> RECORD EXTRACTS:
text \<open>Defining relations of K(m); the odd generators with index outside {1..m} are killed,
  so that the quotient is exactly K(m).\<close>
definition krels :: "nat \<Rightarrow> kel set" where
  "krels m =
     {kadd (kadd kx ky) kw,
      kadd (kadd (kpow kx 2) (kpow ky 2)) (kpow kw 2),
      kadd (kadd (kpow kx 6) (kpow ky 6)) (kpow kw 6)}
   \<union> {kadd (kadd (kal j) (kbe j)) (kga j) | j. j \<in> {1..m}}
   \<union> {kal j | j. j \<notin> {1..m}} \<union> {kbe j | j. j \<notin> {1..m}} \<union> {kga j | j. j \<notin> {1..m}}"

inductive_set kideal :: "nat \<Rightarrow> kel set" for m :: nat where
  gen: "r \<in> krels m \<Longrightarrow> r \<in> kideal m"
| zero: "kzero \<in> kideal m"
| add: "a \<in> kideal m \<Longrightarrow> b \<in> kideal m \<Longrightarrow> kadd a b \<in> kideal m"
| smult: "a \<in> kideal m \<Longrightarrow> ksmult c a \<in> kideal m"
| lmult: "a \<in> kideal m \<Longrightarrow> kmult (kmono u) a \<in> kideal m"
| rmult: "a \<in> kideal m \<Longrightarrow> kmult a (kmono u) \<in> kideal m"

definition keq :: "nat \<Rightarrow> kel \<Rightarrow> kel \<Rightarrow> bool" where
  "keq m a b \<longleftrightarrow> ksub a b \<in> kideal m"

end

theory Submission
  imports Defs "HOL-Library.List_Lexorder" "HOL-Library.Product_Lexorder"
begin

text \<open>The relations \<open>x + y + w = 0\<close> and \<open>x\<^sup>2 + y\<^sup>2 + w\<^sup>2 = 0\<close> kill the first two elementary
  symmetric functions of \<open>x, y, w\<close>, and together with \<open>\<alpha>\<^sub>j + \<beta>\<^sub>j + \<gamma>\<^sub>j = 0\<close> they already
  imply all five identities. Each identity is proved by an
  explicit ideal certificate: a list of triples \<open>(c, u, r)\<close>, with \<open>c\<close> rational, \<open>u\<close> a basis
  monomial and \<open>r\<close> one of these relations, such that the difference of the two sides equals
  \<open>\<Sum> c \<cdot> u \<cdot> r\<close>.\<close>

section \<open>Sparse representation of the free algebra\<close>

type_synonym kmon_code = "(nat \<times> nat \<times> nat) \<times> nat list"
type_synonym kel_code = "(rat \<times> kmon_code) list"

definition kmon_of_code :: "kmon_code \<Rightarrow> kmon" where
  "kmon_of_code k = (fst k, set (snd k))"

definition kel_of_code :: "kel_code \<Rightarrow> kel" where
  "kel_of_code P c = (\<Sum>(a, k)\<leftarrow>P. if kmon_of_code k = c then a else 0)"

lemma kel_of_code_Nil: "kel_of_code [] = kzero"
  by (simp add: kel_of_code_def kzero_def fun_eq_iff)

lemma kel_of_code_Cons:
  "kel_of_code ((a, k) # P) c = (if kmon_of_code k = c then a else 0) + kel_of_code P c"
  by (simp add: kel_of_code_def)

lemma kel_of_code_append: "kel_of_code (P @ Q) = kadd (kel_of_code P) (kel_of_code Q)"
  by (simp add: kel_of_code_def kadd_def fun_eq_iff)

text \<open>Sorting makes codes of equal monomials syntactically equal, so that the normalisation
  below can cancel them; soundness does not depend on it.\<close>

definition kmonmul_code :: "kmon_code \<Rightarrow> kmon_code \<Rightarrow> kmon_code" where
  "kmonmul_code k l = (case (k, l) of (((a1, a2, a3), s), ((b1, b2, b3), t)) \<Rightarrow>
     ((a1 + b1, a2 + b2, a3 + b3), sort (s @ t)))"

--

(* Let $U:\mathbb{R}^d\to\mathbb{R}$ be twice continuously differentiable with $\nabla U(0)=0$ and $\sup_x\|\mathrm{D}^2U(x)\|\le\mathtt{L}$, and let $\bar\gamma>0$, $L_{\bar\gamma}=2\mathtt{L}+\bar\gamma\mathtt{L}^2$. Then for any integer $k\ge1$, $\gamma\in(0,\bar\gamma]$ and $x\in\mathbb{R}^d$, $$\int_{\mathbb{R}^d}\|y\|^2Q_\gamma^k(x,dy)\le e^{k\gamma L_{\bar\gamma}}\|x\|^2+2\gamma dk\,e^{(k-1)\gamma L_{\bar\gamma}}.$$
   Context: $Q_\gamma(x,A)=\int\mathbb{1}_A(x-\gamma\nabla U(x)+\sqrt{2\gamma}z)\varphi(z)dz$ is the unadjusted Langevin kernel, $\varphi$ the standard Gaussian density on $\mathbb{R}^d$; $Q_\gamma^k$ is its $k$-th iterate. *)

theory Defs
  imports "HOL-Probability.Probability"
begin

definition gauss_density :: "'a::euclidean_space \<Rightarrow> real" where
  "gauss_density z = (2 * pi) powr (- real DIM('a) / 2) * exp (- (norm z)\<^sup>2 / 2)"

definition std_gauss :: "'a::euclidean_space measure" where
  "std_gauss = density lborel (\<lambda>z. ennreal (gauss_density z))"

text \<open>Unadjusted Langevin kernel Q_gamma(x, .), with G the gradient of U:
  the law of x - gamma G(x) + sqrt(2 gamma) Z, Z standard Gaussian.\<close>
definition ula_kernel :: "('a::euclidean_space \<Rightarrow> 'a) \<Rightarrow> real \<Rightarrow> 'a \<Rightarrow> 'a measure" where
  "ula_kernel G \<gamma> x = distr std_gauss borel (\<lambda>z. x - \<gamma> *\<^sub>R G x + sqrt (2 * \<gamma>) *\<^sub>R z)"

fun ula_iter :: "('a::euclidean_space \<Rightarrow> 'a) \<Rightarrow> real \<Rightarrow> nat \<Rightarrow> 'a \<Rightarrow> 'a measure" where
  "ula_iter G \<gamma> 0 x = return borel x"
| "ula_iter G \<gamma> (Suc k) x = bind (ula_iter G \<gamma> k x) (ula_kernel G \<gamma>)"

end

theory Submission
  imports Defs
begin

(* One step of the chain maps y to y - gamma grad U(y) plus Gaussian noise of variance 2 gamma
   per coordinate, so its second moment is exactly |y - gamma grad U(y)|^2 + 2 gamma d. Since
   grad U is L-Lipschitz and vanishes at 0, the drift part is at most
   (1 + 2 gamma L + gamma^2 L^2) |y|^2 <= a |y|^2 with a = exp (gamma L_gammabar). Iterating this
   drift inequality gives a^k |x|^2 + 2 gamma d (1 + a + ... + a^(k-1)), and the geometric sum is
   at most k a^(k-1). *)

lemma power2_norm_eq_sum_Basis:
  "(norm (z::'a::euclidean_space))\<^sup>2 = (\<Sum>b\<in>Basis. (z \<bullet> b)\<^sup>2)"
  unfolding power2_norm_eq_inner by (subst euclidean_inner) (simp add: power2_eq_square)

==

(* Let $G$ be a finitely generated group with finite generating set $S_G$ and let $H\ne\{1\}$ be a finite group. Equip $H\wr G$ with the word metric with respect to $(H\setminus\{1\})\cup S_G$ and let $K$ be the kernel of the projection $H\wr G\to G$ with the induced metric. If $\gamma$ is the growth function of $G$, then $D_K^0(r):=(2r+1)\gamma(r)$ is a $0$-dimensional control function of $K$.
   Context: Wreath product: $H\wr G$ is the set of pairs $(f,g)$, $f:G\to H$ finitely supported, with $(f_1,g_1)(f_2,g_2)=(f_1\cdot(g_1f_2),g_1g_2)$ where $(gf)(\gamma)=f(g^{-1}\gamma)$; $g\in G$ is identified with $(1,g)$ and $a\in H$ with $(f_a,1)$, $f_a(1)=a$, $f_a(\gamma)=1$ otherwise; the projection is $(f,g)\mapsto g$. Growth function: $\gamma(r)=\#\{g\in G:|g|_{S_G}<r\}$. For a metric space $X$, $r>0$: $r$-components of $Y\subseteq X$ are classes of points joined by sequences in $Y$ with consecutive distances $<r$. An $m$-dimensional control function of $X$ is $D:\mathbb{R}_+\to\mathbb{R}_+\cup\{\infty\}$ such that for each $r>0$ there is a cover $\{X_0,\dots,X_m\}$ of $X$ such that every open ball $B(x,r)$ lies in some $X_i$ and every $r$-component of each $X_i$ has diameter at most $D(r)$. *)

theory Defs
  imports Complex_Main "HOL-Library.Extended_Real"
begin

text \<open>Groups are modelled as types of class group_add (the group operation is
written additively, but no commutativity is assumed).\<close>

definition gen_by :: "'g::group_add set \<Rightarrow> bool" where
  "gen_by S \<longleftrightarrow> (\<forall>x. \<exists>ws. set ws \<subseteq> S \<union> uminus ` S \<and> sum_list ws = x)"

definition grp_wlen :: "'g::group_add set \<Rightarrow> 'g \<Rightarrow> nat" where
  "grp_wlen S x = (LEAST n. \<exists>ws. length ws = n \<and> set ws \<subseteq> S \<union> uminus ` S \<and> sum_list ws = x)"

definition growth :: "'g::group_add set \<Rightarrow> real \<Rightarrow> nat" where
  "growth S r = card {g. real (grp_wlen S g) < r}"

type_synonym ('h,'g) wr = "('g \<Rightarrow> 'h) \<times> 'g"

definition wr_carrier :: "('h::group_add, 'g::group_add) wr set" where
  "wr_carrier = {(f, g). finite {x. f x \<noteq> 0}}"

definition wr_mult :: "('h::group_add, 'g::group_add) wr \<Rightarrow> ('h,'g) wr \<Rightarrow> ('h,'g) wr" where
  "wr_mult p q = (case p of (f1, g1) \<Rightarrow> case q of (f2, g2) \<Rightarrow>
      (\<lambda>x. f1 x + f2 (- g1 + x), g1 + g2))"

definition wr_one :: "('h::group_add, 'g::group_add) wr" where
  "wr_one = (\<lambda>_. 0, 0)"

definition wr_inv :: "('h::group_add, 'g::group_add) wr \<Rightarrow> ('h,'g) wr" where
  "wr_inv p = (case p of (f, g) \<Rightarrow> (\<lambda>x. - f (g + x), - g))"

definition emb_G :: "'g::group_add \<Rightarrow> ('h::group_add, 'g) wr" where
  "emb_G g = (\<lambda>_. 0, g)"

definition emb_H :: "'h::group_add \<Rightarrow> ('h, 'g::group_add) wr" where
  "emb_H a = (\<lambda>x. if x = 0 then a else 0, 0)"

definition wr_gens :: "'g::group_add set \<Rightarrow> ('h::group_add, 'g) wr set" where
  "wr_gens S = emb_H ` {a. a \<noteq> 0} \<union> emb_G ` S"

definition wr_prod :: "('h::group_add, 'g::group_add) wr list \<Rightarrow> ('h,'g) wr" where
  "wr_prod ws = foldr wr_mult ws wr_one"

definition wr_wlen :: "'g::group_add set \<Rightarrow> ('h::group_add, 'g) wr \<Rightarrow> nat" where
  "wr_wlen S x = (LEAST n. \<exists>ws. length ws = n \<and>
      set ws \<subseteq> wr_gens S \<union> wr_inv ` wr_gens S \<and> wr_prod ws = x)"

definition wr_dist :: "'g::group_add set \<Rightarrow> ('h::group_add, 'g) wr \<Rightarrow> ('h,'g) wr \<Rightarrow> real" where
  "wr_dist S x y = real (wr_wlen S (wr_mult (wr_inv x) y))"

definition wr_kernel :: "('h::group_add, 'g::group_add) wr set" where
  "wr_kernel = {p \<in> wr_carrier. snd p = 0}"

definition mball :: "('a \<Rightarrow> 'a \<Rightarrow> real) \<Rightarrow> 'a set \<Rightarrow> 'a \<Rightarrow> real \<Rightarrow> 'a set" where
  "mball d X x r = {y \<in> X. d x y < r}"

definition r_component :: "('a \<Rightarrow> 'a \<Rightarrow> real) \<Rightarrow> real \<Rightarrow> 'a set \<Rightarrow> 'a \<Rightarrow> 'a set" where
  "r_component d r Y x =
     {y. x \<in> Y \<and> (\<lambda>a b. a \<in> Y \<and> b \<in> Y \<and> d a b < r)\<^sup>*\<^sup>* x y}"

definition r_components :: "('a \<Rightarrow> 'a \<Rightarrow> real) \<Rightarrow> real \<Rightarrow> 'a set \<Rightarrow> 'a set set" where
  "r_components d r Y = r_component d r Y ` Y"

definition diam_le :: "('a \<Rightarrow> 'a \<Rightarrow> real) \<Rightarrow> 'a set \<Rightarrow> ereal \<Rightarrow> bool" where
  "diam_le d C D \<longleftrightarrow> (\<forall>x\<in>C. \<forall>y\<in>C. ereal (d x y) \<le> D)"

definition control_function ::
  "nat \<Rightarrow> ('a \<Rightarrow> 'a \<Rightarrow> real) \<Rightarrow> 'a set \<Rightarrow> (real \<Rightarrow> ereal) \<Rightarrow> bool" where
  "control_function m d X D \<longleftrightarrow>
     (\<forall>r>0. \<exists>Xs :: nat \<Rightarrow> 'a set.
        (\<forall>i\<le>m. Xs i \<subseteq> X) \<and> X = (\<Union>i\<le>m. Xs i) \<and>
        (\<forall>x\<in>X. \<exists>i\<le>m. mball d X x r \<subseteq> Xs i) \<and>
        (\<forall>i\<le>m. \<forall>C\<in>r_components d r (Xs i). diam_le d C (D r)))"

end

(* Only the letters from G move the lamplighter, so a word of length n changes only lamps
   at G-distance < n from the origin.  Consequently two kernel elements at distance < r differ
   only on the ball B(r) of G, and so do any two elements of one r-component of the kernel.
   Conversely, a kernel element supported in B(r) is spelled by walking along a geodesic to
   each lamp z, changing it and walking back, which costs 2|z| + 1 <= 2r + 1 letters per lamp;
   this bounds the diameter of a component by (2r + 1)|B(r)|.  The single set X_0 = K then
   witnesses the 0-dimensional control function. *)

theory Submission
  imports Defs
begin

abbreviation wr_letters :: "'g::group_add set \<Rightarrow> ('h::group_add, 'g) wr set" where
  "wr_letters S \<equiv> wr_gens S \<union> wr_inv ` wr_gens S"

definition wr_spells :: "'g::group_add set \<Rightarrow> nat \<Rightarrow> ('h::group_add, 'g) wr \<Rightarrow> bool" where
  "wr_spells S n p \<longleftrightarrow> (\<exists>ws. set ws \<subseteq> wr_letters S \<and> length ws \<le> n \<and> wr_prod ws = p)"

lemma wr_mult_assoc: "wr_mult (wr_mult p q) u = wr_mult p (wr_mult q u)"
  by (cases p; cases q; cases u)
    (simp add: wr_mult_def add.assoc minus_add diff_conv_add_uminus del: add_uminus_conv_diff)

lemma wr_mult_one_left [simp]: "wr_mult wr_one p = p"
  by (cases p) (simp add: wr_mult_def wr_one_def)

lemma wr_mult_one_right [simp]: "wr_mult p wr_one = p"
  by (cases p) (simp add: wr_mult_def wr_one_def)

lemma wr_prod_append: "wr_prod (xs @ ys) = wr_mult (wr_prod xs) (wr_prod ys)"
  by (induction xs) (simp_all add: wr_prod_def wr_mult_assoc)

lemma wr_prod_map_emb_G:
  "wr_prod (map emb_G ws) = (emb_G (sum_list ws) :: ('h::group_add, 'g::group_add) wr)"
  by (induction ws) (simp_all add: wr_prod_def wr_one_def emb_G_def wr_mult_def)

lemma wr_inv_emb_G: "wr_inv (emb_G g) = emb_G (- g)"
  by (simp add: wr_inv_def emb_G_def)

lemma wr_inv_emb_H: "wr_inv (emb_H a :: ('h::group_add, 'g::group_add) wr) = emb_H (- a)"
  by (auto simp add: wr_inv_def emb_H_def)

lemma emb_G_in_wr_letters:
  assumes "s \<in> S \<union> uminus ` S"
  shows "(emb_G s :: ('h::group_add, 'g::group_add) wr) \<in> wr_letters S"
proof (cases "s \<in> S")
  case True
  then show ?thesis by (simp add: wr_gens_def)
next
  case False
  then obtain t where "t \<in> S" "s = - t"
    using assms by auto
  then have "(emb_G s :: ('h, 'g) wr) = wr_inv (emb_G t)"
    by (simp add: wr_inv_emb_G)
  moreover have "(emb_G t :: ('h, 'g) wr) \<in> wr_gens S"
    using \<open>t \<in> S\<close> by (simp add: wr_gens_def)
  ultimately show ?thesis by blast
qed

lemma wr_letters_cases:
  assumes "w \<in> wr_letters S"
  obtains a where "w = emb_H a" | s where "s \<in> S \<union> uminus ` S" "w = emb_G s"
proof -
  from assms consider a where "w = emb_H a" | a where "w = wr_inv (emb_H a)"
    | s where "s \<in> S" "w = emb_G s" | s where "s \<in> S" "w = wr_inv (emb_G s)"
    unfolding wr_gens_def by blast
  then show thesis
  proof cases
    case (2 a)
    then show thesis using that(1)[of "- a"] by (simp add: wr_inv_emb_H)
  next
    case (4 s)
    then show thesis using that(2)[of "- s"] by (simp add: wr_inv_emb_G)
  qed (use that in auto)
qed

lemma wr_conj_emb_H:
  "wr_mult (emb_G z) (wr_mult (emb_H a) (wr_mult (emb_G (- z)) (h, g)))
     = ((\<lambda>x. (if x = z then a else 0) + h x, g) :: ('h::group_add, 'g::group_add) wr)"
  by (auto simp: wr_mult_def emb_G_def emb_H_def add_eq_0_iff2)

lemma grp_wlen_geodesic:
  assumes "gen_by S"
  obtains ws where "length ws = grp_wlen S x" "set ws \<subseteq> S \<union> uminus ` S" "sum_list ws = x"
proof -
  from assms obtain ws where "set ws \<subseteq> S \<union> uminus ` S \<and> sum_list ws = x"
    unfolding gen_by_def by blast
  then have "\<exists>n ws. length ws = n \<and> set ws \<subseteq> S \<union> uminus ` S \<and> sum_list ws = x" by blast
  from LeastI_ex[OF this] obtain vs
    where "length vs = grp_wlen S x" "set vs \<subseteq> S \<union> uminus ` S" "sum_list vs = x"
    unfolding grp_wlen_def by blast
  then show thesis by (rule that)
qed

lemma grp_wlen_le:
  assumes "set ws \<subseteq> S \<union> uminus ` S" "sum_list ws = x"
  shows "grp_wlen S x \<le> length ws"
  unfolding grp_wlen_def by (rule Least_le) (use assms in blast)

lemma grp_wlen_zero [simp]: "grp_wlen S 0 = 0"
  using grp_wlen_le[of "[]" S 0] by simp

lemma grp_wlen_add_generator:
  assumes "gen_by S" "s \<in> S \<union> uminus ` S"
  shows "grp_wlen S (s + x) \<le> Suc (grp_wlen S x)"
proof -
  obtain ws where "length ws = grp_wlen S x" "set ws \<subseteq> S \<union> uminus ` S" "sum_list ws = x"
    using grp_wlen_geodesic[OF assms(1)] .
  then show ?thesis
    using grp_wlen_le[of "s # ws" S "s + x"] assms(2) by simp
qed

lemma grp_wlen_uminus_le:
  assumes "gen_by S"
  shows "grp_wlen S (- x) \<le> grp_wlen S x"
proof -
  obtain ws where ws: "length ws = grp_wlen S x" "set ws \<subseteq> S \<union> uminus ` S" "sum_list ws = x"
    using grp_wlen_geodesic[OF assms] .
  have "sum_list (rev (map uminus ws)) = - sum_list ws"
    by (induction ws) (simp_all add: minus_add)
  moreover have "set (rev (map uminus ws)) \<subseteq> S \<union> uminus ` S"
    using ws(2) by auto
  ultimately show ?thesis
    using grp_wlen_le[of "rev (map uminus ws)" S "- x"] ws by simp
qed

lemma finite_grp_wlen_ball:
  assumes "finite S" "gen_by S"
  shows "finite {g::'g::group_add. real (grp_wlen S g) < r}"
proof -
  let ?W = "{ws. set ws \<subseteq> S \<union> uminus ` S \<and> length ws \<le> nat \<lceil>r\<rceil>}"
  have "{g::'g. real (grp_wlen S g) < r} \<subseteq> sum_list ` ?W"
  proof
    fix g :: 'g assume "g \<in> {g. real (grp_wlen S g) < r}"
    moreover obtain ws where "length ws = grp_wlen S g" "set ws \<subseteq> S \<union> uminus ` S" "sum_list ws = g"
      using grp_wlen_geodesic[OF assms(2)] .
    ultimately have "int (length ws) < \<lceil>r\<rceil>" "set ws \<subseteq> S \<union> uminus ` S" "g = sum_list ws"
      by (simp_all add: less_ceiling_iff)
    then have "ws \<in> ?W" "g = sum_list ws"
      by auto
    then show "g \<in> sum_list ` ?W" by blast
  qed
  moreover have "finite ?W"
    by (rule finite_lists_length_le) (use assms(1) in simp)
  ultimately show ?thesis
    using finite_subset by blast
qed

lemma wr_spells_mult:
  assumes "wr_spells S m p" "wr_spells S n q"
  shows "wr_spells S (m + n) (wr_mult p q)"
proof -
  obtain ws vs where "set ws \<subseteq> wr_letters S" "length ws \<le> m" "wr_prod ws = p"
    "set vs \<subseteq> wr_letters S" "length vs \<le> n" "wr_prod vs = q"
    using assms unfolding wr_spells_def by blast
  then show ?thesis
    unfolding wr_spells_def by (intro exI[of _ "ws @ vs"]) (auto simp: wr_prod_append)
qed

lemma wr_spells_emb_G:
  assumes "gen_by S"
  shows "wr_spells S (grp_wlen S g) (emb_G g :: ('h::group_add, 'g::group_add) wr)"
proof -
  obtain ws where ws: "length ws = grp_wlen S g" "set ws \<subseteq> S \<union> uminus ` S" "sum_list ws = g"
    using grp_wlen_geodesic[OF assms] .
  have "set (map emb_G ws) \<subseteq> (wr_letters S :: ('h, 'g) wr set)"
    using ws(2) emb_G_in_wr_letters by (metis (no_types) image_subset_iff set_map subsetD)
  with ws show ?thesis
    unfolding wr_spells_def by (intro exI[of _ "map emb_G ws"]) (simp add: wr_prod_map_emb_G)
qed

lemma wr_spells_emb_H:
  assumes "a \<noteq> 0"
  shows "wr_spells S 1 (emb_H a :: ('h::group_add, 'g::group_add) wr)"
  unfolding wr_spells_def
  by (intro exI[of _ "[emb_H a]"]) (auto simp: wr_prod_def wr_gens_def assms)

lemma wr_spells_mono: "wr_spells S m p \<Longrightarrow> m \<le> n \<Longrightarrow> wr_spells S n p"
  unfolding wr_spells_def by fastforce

> TASK TO COMPLETE:
Pick out and copy the lines of the entries that hold the string "kideal".

> ANSWER BOX:
inductive_set kideal :: "nat \<Rightarrow> kel set" for m :: nat where
  gen: "r \<in> krels m \<Longrightarrow> r \<in> kideal m"
| zero: "kzero \<in> kideal m"
| add: "a \<in> kideal m \<Longrightarrow> b \<in> kideal m \<Longrightarrow> kadd a b \<in> kideal m"
| smult: "a \<in> kideal m \<Longrightarrow> ksmult c a \<in> kideal m"
| lmult: "a \<in> kideal m \<Longrightarrow> kmult (kmono u) a \<in> kideal m"
| rmult: "a \<in> kideal m \<Longrightarrow> kmult a (kmono u) \<in> kideal m"
  "keq m a b \<longleftrightarrow> ksub a b \<in> kideal m"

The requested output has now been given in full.